Pre-tactical time-slot assignment: Runway utilization and the impact of uncertainties

Abstract

Efficient planning of runway utilisation is one of the main challenges in Air Traffic Management (ATM). It is important because runway is the combining element between airside and groundside. Furthermore, it is a bottleneck in many cases. However, uncertainty and inaccuracy almost always lead to deviations from the actual plan or schedule. In this paper, we develop an optimization approach for the pre-tactical planning phase that provides some flexibility in the face of small disturbances in the input data, so that we need to change our plans less frequently. Instead of determining arrival/departure times to the minute in this phase yet, we assign several aircraft to the same time slot of a given size. The exact orders within those time windows can be decided later in tactical planning.
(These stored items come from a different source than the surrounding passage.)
lemma funpow_pderiv_x_mult:
  "(pderiv ^^ Suc n) ([:0, 1:] * p) =
     [:0, 1:] * (pderiv ^^ Suc n) p + Polynomial.smult (of_nat (Suc n)) ((pderiv ^^ n) (p :: complex poly))"
proof (induction n)
  case 0
  then show ?case by (simp add: pderiv_pCons add.commute)
next
  case (Suc n)
  have x_mult: "pderiv ([:0, 1:] * q) = q + [:0, 1:] * pderiv q" for q :: "complex poly"
    by (simp add: pderiv_mult pderiv_pCons)
  have smult_Suc: "Polynomial.smult (of_nat (Suc (Suc n))) q = q + Polynomial.smult (of_nat (Suc n)) q" for q :: "complex poly"
    by (simp only: of_nat_Suc[of "Suc n"] smult_add_left smult_1_left)
  have "(pderiv ^^ Suc (Suc n)) ([:0, 1:] * p) =
      pderiv ([:0, 1:] * (pderiv ^^ Suc n) p) + Polynomial.smult (of_nat (Suc n)) (pderiv ((pderiv ^^ n) p))"
    using Suc by (simp add: pderiv_add pderiv_smult del: of_nat_Suc)
  also have "\<dots> = [:0, 1:] * (pderiv ^^ Suc (Suc n)) p + Polynomial.smult (of_nat (Suc (Suc n))) ((pderiv ^^ Suc n) p)"
    unfolding x_mult smult_Suc by (simp add: algebra_simps)
  finally show ?case .
qed

lemma pderiv_linear_power_mult:
  "pderiv ([:-c, 1:] ^ Suc m * q) =
     [:-c, 1:] ^ m * (Polynomial.smult (of_nat (Suc m)) q + [:-c, 1:] * pderiv (q :: complex poly))"
proof -
  have "pderiv ([:-c, 1:] ^ Suc m) = Polynomial.smult (of_nat (Suc m)) ([:-c, 1:] ^ m)"
    unfolding pderiv_power_Suc by (simp add: pderiv_pCons)
  moreover have "pderiv ([:-c, 1:] ^ Suc m * q) = [:-c, 1:] ^ Suc m * pderiv q + q * pderiv ([:-c, 1:] ^ Suc m)"
    by (rule pderiv_mult)
  ultimately show ?thesis by (simp add: algebra_simps)
qed
text \<open>The side condition of the paper, \<open>wden t \<phi> \<theta>' \<noteq> 0 \<or> \<theta>' \<in> minset t \<phi>\<close>, always holds
  (\<open>wden\<close> vanishes exactly on \<open>minset\<close>).\<close>
lemma fcos_le_qmaj:
  assumes r: "0 \<le> r" and t: "0 < t"
  shows "fcos r t \<phi> b \<theta> \<le> qmaj r t \<phi> b \<theta>' \<theta>"
proof (cases "\<theta>' \<in> minset t \<phi>")
  case True
  then obtain m :: int where "\<theta>' = (\<phi> + 2 * pi * m) / (2 * t)"
    unfolding minset_def by auto
  then have "2 * \<theta>' * t - \<phi> - 2 * pi * m = 0" using t by (simp add: field_simps)
  moreover have "wcurv r t \<phi> \<theta>' = 4 * t\<^sup>2 * r" using True by (simp add: wcurv_def)
  ultimately show ?thesis using fcos_le_qmaj_at_phase[OF r t, of \<theta>' \<phi> m] by simp
next
  case False
  obtain k :: int where v_bound: "\<bar>2 * \<theta>' * t - \<phi> - 2 * pi * k\<bar> \<le> pi"
    and wden: "wden t \<phi> \<theta>' = (2 * \<theta>' * t - \<phi> - 2 * pi * k) / (2 * t)"
    using wden_reduced_phase[OF t] .
  define v where "v = 2 * \<theta>' * t - \<phi> - 2 * pi * k"
  have "v \<noteq> 0"
  proof
    assume "v = 0"
    then have "\<theta>' = (\<phi> + 2 * pi * k) / (2 * t)" using t by (simp add: v_def field_simps)
    with False show False unfolding minset_def by auto
  qed
  have "sin (2 * \<theta>' * t - \<phi>) = sin v" by (simp add: v_def sin_diff)
  then have "wcurv r t \<phi> \<theta>' = 4 * t\<^sup>2 * r * (sin v / v)"
    using False t \<open>v \<noteq> 0\<close> unfolding wcurv_def fcos'_def wden v_def[symmetric]
    by (simp add: field_simps power2_eq_square)
  then show ?thesis
    using fcos_le_qmaj_at_phase[OF r t, of \<theta>' \<phi> k] v_bound \<open>v \<noteq> 0\<close> by (simp add: v_def)
qed
(* Let $a_0,\dots,a_N\in\mathbb{Z}$ and $r,d_{\min},d_{\max}\in\mathbb{N}$ with $r\le N$ and $d_{\min}\le d_{\max}$, and for $d\in\mathbb{N}$ put $M_d=(A\odot B_d\,|\,A\odot B_{d-1}\,|\,\cdots\,|\,A\odot B_0)\in\mathbb{Q}^{(N-r+1)\times(r+1)(d+1)}$. Consider the following procedure (Algorithm 3). Set $L=\emptyset$. For $d=d_{\min},\dots,d_{\max}$: compute a $\mathbb{Z}$-module basis $v_1,\dots,v_m\in\mathbb{Z}^{(r+1)(d+1)}$ of $\ker_{\mathbb{Z}}M_d$; if $d>d_{\min}$, replace $v_1,\dots,v_m$ by the nonzero rows of the Hermite normal form of the matrix with rows $v_1,\dots,v_m$, and let $\ell$ be such that the first $r+1$ components of $v_i$ are all zero if and only if $i>\ell$; if $d=d_{\min}$ let $\ell=m$; then append $r+1$ leading zeros to each vector in $L$, apply LLL to these padded vectors together with $v_1,\dots,v_\ell$, and let $L$ be the output basis; if the recurrence corresponding to the first vector of $L$ passes a given plausibility test, stop and return it. Then in every iteration $d$ that is executed, the vectors to which LLL is applied (the padded elements of the previous $L$ together with $v_1,\dots,v_\ell$) form a $\mathbb{Z}$-module basis of $\ker_{\mathbb{Z}}M_d$.
   Context: Fix a $\mathbb{Q}$-basis $b_0,b_1,\dots$ of $\mathbb{Q}[x]$ such that for every $j$, $b_0,\dots,b_j$ span the polynomials of degree at most $j$. For given $a_0,\dots,a_N$ and $r\le N$, $A\in\mathbb{Q}^{(N-r+1)\times(r+1)}$ is the matrix with entry $a_{i+s}$ in row $i$, column $s$ ($0\le i\le N-r$, $0\le s\le r$), and $B_j\in\mathbb{Q}^{(N-r+1)\times(r+1)}$ is the matrix whose row $i$ has all entries equal to $b_j(i)$; $\odot$ is the entrywise product. Thus the first $r+1$ columns of $M_d$ are those of $A\odot B_d$. For a rational matrix $M$ with $m$ columns, $\ker_{\mathbb{Z}}M=\{x\in\mathbb{Z}^m:Mx=0\}$. An integer matrix is in Hermite normal form if it is in row echelon (staircase) form with positive pivot entries and each entry above a pivot is a nonnegative integer smaller than that pivot; every integer matrix has a unique Hermite normal form whose rows generate the same $\mathbb{Z}$-module as its rows. LLL is the Lenstra–Lenstra–Lovász reduction algorithm, which maps a $\mathbb{Z}$-module basis of a lattice to another $\mathbb{Z}$-module basis of the same lattice. *)

theory Defs
  imports "HOL-Computational_Algebra.Polynomial"
begin
lemma integral_pencil_eq_integral_radon:
  assumes f: "cont_supp_ball R f" and \<phi>: "continuous_on UNIV \<phi>"
  shows "integral (cbox (-R, -R) (R, R)) (\<lambda>x. f x * \<phi> (t * fst x + snd x))
       = integral {-((\<bar>t\<bar> + 1) * R)..(\<bar>t\<bar> + 1) * R} (\<lambda>s. radon R f t s * \<phi> s)"
proof -
  let ?B = "(\<bar>t\<bar> + 1) * R"
  have \<phi>_compose: "continuous_on S (\<lambda>x. \<phi> (p x))"
    if "continuous_on S p" for S and p :: "'a::topological_space \<Rightarrow> real"
    using continuous_on_compose2[OF \<phi> that] by simp
  have "integral (cbox (-R, -R) (R, R)) (\<lambda>x. f x * \<phi> (t * fst x + snd x))
      = integral {-R..R} (\<lambda>y. integral {-R..R} (\<lambda>z. f (y, z) * \<phi> (t * y + z)))"
    by (subst integral_prod_continuous)
       (auto simp: cbox_interval intro!: continuous_intros cont_supp_ball_compose[OF f] \<phi>_compose)
  also have "\<dots> = integral {-R..R} (\<lambda>y. integral {-?B..?B} (\<lambda>s. f (y, s - t * y) * \<phi> s))"
    by (intro integral_cong integral_vertical_shift[OF f \<phi>]) auto
  also have "\<dots> = integral {-?B..?B} (\<lambda>s. integral {-R..R} (\<lambda>y. f (y, s - t * y) * \<phi> s))"
    using integral_swap_continuous[of "-R" "-?B" R ?B "\<lambda>y s. f (y, s - t * y) * \<phi> s"]
    by (simp add: case_prod_beta' continuous_intros cont_supp_ball_compose[OF f] \<phi>_compose)
  also have "\<dots> = integral {-?B..?B} (\<lambda>s. radon R f t s * \<phi> s)"
    by (simp add: radon_def)
  finally show ?thesis .
qed

lemma eq_0_if_radon_eq_0:
  assumes f: "cont_supp_ball R f" and R: "0 < R" and T: "infinite T"
    and L: "\<And>t s. t \<in> T \<Longrightarrow> radon R f t s = 0"
  shows "f x = 0"
proof (cases "x \<in> cbox (-R, -R) (R, R)")
  case True
  show ?thesis
  proof (rule eq_0_if_moments_eq_0[OF cont_supp_ball_continuous[OF f] _ _ True])
    show "box (-R, -R) (R, R) \<noteq> {}"
      using R by (auto simp: box_ne_empty inner_Pair Basis_prod_def)
    fix j l
    show "integral (cbox (-R, -R) (R, R)) (\<lambda>x. f x * fst x ^ j * snd x ^ l) = 0"
    proof (rule moments_eq_0_if_pencil_moments_eq_0[OF cont_supp_ball_continuous[OF f] T])
      fix t n
      assume "t \<in> T"
      have "continuous_on UNIV (\<lambda>s::real. s ^ n)"
        by (intro continuous_intros)
      from integral_pencil_eq_integral_radon[OF f this, of t]
      show "integral (cbox (-R, -R) (R, R)) (\<lambda>x. f x * (t * fst x + snd x) ^ n) = 0"
        using L[OF \<open>t \<in> T\<close>] by simp
    qed
  qed
next
  case False
  obtain a b where x: "x = (a, b)"
    by (cases x)
  with False have "R < \<bar>a\<bar> \<or> R < \<bar>b\<bar>"
    by (auto simp: cbox_Pair_iff)
  then have "R \<le> norm x"
    unfolding x using norm_fst_le[of a b] norm_snd_le[of b a] by auto
  then show ?thesis
    by (rule cont_supp_ball_eq_0[OF f])
qed

lemma star_transform_eq_0_imp_eq_0:
  fixes m :: nat
  assumes R: "0 < R" and g: "\<And>i. i < m \<Longrightarrow> norm (gam i) = 1"
    and F1: "cont_supp_ball R (\<lambda>x. fst (F x))" and F2: "cont_supp_ball R (\<lambda>x. snd (F x))"
    and reg: "regular_dir m c gam psi" "psi \<noteq> 0"
    and S: "star_transform m c gam F = (\<lambda>_. 0)"
  shows "F = (\<lambda>_. 0)"
proof -
  have T: "infinite {t. regular_dir m c gam (t, 1)}"
    by (rule infinite_regular_slopes[OF reg])
  have "fst (F x) = 0" "snd (F x) = 0" for x
    using R radon_eq_0_if_star_transform_eq_0[OF _ g F1 F2 _ S]
    by (auto intro!: eq_0_if_radon_eq_0[OF F1 R T] eq_0_if_radon_eq_0[OF F2 R T])
  then show ?thesis
    by (simp add: fun_eq_iff prod_eq_iff)
qed

theorem corollary2:
  fixes R :: real and m :: nat and c :: "nat \<Rightarrow> real" and gam :: "nat \<Rightarrow> real \<times> real"
  assumes "R > 0"
    and "inj_on gam {..<m}"
    and "\<And>i. i < m \<Longrightarrow> norm (gam i) = 1"
    and "\<And>i. i < m \<Longrightarrow> c i \<noteq> 0"
    and "\<exists>psi. norm psi = 1 \<and> psi \<notin> Z1 m gam \<and> gamma_vec m c gam psi \<noteq> 0"
  shows "inj_on (star_transform m c gam)
           {f. C2c (ball 0 R) (\<lambda>x. fst (f x)) \<and> C2c (ball 0 R) (\<lambda>x. snd (f x))}"
proof (rule inj_onI)
  fix f h
  assume "f \<in> {f. C2c (ball 0 R) (\<lambda>x. fst (f x)) \<and> C2c (ball 0 R) (\<lambda>x. snd (f x))}"
    and "h \<in> {f. C2c (ball 0 R) (\<lambda>x. fst (f x)) \<and> C2c (ball 0 R) (\<lambda>x. snd (f x))}"
    and eq: "star_transform m c gam f = star_transform m c gam h"
  then have f: "cont_supp_ball R (\<lambda>x. fst (f x))" "cont_supp_ball R (\<lambda>x. snd (f x))"
    and h: "cont_supp_ball R (\<lambda>x. fst (h x))" "cont_supp_ball R (\<lambda>x. snd (h x))"
    by (auto intro: cont_supp_ball_if_C2c)
  obtain psi where "norm psi = 1" "psi \<notin> Z1 m gam" "gamma_vec m c gam psi \<noteq> 0"
    using assms(5) by blast
  then have reg: "regular_dir m c gam psi" "psi \<noteq> 0"
    by (auto simp: regular_dir_def Z1_def)
  have diff: "cont_supp_ball R (\<lambda>x. fst (f x - h x))" "cont_supp_ball R (\<lambda>x. snd (f x - h x))"
    using cont_supp_ball_diff[OF f(1) h(1)] cont_supp_ball_diff[OF f(2) h(2)] by simp_all
  have "star_transform m c gam (\<lambda>x. f x - h x) = (\<lambda>_. 0)"
    using star_transform_diff[OF assms(3) f h] eq by auto
  then have "(\<lambda>x. f x - h x) = (\<lambda>_. 0)"
    by (intro star_transform_eq_0_imp_eq_0[OF assms(1,3) diff reg])
  then show "f = h"
    by (simp add: fun_eq_iff)
qed

end
text \<open>Types in locally nameless representation: bound type variables are
de Bruijn indices (TBVar), free universal variables are TVar, existential
variables are TEVar.  TAll binds index 0.\<close>

datatype ty =
    TUnit
  | TBVar nat
  | TVar nat
  | TEVar nat
  | TAll ty
  | TArr ty ty

fun open_rec :: "nat \<Rightarrow> ty \<Rightarrow> ty \<Rightarrow> ty" where
  "open_rec k u TUnit = TUnit"
| "open_rec k u (TBVar i) = (if i = k then u else TBVar i)"
| "open_rec k u (TVar a) = TVar a"
| "open_rec k u (TEVar a) = TEVar a"
| "open_rec k u (TAll A) = TAll (open_rec (Suc k) u A)"
| "open_rec k u (TArr A B) = TArr (open_rec k u A) (open_rec k u B)"

text \<open>For \<open>TAll A\<close> (i.e. \<forall>\<alpha>. A), \<open>open_typ A u\<close> is [u/\<alpha>]A.\<close>
definition open_typ :: "ty \<Rightarrow> ty \<Rightarrow> ty" where
  "open_typ A u = open_rec 0 u A"

fun ftv :: "ty \<Rightarrow> nat set" where
  "ftv TUnit = {}"
| "ftv (TBVar i) = {}"
| "ftv (TVar a) = {a}"
| "ftv (TEVar a) = {}"
| "ftv (TAll A) = ftv A"
| "ftv (TArr A B) = ftv A \<union> ftv B"

fun fev :: "ty \<Rightarrow> nat set" where
  "fev TUnit = {}"
| "fev (TBVar i) = {}"
| "fev (TVar a) = {}"
| "fev (TEVar a) = {a}"
| "fev (TAll A) = fev A"
| "fev (TArr A B) = fev A \<union> fev B"

fun mono :: "ty \<Rightarrow> bool" where
  "mono TUnit = True"
| "mono (TBVar i) = False"
| "mono (TVar a) = True"
| "mono (TEVar a) = True"
| "mono (TAll A) = False"
| "mono (TArr A B) = (mono A \<and> mono B)"

fun esubst :: "nat \<Rightarrow> ty \<Rightarrow> ty \<Rightarrow> ty" where
  "esubst a t TUnit = TUnit"
| "esubst a t (TBVar i) = TBVar i"
| "esubst a t (TVar b) = TVar b"
| "esubst a t (TEVar b) = (if b = a then t else TEVar b)"
| "esubst a t (TAll A) = TAll (esubst a t A)"
| "esubst a t (TArr A B) = TArr (esubst a t A) (esubst a t B)"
Mathematically, this leads to a generalised assignment problem on a bipartite graph. We develop an integer program (IP), which can be solved very fast but may provide unnecessary large time buffers, and extend it to a mixed integer program (MIP) that solves the problem to global optimality. We present computational results concerning the abovementioned optimization approach and investigate the impact of disturbances on our deterministic solutions. As a next step, we will incorporate uncertainties directly in our model. Therefore, we analyse real-world data from a large German airport in order to obtain realistic delay distributions and describe a simulation environment to test current and future solution methods.